[Activity]: Could you filter the data below down to the lines that hold the word "where"?

Stored entries:
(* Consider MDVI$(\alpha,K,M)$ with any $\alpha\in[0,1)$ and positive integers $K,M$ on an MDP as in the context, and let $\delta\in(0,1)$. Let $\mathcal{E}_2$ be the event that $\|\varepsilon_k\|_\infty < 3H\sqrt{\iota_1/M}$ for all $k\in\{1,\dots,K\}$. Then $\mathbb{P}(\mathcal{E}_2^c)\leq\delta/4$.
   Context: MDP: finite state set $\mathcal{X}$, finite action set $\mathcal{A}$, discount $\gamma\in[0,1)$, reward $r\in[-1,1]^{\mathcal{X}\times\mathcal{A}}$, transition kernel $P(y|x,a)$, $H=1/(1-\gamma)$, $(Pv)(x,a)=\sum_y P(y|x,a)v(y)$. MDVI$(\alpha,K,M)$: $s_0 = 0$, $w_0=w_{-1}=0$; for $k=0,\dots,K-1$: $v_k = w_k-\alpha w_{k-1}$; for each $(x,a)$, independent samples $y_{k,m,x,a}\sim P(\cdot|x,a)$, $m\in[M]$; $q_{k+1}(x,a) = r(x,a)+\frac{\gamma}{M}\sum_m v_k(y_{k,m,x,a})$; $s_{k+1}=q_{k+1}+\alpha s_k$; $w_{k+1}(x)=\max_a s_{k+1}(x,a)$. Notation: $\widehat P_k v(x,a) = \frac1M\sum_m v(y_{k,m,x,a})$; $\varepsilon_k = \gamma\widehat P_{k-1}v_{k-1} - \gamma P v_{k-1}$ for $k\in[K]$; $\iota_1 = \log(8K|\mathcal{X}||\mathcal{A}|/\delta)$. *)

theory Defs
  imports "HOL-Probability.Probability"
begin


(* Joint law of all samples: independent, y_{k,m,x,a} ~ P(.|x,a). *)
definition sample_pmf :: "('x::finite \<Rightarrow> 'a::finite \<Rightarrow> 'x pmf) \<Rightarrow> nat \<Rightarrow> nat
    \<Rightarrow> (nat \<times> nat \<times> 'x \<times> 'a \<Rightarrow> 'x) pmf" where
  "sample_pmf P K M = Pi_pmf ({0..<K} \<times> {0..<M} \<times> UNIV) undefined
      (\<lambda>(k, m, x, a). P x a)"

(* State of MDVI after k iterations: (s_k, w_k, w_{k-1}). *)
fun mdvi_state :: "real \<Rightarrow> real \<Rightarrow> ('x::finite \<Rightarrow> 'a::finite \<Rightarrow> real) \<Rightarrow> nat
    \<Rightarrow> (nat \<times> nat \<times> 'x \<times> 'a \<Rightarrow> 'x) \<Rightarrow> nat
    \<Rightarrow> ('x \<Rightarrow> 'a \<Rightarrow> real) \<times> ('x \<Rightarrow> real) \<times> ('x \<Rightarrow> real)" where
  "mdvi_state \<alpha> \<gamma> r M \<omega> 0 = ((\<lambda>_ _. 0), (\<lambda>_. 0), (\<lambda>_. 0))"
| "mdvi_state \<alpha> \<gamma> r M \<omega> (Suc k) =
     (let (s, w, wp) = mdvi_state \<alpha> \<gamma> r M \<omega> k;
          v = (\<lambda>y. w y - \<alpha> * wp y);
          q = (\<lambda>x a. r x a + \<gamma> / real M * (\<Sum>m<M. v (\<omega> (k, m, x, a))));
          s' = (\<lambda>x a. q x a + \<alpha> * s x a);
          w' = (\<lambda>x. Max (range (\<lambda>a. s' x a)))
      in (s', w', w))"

[Answer space]:
    \<Rightarrow> (nat \<times> nat \<times> 'x \<times> 'a \<Rightarrow> 'x) pmf" where
    \<Rightarrow> ('x \<Rightarrow> 'a \<Rightarrow> real) \<times> ('x \<Rightarrow> real) \<times> ('x \<Rightarrow> real)" where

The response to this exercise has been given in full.